■ ACTION ITEM: Search term "times": please copy every line of the records below that contains it.

■ DATA SHOWN:
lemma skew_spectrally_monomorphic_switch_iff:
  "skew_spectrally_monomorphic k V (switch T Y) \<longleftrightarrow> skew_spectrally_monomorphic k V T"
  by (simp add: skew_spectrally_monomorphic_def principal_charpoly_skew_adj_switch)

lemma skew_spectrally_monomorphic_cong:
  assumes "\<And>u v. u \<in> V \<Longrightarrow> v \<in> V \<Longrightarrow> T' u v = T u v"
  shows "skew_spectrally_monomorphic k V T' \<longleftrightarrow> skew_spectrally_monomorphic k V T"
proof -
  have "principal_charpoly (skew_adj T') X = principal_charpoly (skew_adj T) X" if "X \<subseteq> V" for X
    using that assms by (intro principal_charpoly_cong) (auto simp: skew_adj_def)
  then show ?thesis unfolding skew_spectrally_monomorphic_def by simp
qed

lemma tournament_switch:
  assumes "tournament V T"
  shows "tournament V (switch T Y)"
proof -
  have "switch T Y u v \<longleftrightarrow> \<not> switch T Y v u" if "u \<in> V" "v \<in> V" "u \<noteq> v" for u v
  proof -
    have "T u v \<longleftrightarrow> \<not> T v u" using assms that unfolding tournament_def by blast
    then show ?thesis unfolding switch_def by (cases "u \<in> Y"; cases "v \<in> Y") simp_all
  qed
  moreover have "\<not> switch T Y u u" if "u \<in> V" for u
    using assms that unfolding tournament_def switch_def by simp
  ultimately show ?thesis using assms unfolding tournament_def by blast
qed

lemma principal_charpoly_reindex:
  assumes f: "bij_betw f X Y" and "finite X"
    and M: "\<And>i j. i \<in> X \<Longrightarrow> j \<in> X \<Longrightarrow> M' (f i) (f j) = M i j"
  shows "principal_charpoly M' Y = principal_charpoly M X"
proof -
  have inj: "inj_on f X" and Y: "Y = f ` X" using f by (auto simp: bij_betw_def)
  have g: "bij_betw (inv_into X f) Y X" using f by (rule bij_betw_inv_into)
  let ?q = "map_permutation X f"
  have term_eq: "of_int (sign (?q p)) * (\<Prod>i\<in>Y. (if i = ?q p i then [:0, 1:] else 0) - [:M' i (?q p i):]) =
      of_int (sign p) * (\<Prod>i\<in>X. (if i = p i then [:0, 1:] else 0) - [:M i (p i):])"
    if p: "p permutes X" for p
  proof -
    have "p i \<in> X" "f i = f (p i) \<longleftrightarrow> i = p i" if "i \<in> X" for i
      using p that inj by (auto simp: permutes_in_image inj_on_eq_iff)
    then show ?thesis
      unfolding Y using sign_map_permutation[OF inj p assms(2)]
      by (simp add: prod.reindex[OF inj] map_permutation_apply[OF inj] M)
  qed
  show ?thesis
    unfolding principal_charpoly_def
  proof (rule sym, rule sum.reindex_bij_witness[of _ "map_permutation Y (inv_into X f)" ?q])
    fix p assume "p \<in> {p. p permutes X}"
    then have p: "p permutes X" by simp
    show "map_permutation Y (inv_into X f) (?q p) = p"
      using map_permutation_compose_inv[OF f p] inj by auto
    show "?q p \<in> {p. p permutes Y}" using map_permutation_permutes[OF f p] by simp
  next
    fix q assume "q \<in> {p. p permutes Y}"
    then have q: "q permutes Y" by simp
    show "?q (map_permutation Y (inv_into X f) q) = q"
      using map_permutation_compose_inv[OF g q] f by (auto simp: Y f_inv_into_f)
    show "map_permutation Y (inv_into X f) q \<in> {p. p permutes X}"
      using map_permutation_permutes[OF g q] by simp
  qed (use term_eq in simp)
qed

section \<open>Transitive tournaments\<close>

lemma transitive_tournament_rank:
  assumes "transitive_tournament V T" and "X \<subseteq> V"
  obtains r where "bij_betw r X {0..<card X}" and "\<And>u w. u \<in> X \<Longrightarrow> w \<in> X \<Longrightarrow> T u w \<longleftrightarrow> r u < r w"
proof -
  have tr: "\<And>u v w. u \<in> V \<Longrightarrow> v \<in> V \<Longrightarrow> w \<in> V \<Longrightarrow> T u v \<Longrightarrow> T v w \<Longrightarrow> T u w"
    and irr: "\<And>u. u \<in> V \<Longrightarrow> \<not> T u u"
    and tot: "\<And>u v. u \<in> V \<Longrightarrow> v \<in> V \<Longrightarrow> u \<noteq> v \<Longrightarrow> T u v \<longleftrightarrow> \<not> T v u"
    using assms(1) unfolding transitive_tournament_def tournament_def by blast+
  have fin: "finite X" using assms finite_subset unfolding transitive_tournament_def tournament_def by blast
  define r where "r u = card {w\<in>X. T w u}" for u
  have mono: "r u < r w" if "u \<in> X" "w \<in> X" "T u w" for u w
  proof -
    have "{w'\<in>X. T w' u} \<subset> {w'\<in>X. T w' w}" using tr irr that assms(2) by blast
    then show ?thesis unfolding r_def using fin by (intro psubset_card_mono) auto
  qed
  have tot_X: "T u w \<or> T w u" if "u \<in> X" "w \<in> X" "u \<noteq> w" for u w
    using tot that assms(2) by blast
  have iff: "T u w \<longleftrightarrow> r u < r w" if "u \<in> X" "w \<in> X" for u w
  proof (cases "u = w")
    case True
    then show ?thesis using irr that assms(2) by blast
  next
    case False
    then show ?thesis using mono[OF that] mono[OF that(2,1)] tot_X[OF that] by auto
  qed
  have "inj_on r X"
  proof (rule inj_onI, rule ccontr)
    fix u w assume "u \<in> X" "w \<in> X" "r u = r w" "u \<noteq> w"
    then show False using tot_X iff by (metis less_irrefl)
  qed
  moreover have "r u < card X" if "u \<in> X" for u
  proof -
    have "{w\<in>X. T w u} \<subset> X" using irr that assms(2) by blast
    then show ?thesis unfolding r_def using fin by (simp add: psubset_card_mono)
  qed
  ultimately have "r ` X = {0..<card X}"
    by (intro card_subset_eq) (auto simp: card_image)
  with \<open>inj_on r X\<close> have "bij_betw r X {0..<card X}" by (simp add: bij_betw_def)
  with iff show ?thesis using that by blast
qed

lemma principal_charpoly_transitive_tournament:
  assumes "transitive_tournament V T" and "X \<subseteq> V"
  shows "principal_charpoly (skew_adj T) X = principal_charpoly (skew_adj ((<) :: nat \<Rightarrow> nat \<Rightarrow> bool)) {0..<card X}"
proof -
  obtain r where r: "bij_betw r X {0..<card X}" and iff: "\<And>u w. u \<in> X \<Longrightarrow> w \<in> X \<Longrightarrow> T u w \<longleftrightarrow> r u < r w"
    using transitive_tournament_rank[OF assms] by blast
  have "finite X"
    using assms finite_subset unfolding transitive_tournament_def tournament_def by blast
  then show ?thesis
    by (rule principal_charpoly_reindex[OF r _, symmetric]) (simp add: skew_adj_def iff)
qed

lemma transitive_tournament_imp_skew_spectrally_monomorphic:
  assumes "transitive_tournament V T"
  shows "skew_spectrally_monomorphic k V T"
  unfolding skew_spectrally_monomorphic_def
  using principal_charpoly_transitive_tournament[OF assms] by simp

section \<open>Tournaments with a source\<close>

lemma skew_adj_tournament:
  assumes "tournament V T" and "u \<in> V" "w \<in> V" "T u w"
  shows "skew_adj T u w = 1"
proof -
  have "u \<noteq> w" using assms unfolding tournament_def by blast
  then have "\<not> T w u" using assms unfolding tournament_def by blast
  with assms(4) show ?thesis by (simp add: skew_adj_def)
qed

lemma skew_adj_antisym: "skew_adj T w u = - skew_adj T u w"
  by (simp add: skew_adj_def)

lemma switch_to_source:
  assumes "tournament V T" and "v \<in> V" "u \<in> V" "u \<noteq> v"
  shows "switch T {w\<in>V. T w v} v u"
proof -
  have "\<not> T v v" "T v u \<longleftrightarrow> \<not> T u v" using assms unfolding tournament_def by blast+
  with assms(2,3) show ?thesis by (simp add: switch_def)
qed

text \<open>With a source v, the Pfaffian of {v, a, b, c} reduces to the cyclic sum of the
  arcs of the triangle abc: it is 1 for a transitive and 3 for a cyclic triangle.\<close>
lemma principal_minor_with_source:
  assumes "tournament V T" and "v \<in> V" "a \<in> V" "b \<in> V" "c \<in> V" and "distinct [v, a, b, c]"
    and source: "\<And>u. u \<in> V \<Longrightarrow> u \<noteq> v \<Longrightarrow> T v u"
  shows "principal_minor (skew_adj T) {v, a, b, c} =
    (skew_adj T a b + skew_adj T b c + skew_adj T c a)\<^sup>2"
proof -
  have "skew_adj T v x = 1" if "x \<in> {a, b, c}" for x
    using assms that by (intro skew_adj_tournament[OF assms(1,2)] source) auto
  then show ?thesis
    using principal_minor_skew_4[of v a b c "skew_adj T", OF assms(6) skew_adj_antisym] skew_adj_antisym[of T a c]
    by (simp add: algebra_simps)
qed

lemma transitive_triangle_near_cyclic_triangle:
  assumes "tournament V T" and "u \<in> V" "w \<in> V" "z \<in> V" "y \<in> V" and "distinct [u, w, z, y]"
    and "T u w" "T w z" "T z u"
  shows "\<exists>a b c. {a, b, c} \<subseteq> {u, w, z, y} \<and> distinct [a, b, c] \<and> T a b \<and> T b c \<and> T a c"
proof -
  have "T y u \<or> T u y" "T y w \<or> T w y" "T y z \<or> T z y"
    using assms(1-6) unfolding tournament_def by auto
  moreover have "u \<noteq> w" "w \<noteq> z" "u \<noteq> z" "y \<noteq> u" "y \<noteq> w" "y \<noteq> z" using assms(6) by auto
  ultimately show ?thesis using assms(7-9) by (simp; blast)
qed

---

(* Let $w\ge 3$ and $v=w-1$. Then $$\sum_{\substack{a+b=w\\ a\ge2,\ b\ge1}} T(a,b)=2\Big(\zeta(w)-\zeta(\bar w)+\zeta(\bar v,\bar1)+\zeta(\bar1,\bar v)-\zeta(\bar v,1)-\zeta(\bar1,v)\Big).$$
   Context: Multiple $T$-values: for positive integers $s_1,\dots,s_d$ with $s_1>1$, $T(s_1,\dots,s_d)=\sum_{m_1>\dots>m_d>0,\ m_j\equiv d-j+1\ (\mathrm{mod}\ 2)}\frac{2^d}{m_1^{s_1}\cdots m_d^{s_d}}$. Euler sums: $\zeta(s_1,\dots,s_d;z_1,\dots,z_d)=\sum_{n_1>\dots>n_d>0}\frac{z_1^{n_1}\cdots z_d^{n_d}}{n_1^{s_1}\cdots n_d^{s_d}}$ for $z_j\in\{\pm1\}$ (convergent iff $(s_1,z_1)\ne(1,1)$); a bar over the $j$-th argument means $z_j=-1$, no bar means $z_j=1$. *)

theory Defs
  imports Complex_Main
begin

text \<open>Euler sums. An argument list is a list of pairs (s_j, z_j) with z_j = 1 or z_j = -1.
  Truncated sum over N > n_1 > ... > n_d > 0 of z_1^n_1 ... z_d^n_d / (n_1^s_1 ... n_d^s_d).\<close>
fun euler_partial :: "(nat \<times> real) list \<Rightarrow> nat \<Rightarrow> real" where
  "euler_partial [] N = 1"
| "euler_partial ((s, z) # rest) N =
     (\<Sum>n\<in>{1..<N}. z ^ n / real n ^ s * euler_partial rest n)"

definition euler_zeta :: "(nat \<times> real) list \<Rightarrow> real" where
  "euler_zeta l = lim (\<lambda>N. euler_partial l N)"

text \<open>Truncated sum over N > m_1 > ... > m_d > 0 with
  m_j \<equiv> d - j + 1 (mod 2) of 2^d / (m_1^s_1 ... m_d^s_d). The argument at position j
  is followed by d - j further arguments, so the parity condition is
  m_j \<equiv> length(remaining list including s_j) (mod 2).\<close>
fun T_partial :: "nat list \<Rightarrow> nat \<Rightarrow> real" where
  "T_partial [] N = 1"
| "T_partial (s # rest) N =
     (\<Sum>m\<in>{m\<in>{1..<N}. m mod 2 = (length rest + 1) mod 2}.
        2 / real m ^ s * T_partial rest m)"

■ TASK RESPONSE:
fun euler_partial :: "(nat \<times> real) list \<Rightarrow> nat \<Rightarrow> real" where
definition euler_zeta :: "(nat \<times> real) list \<Rightarrow> real" where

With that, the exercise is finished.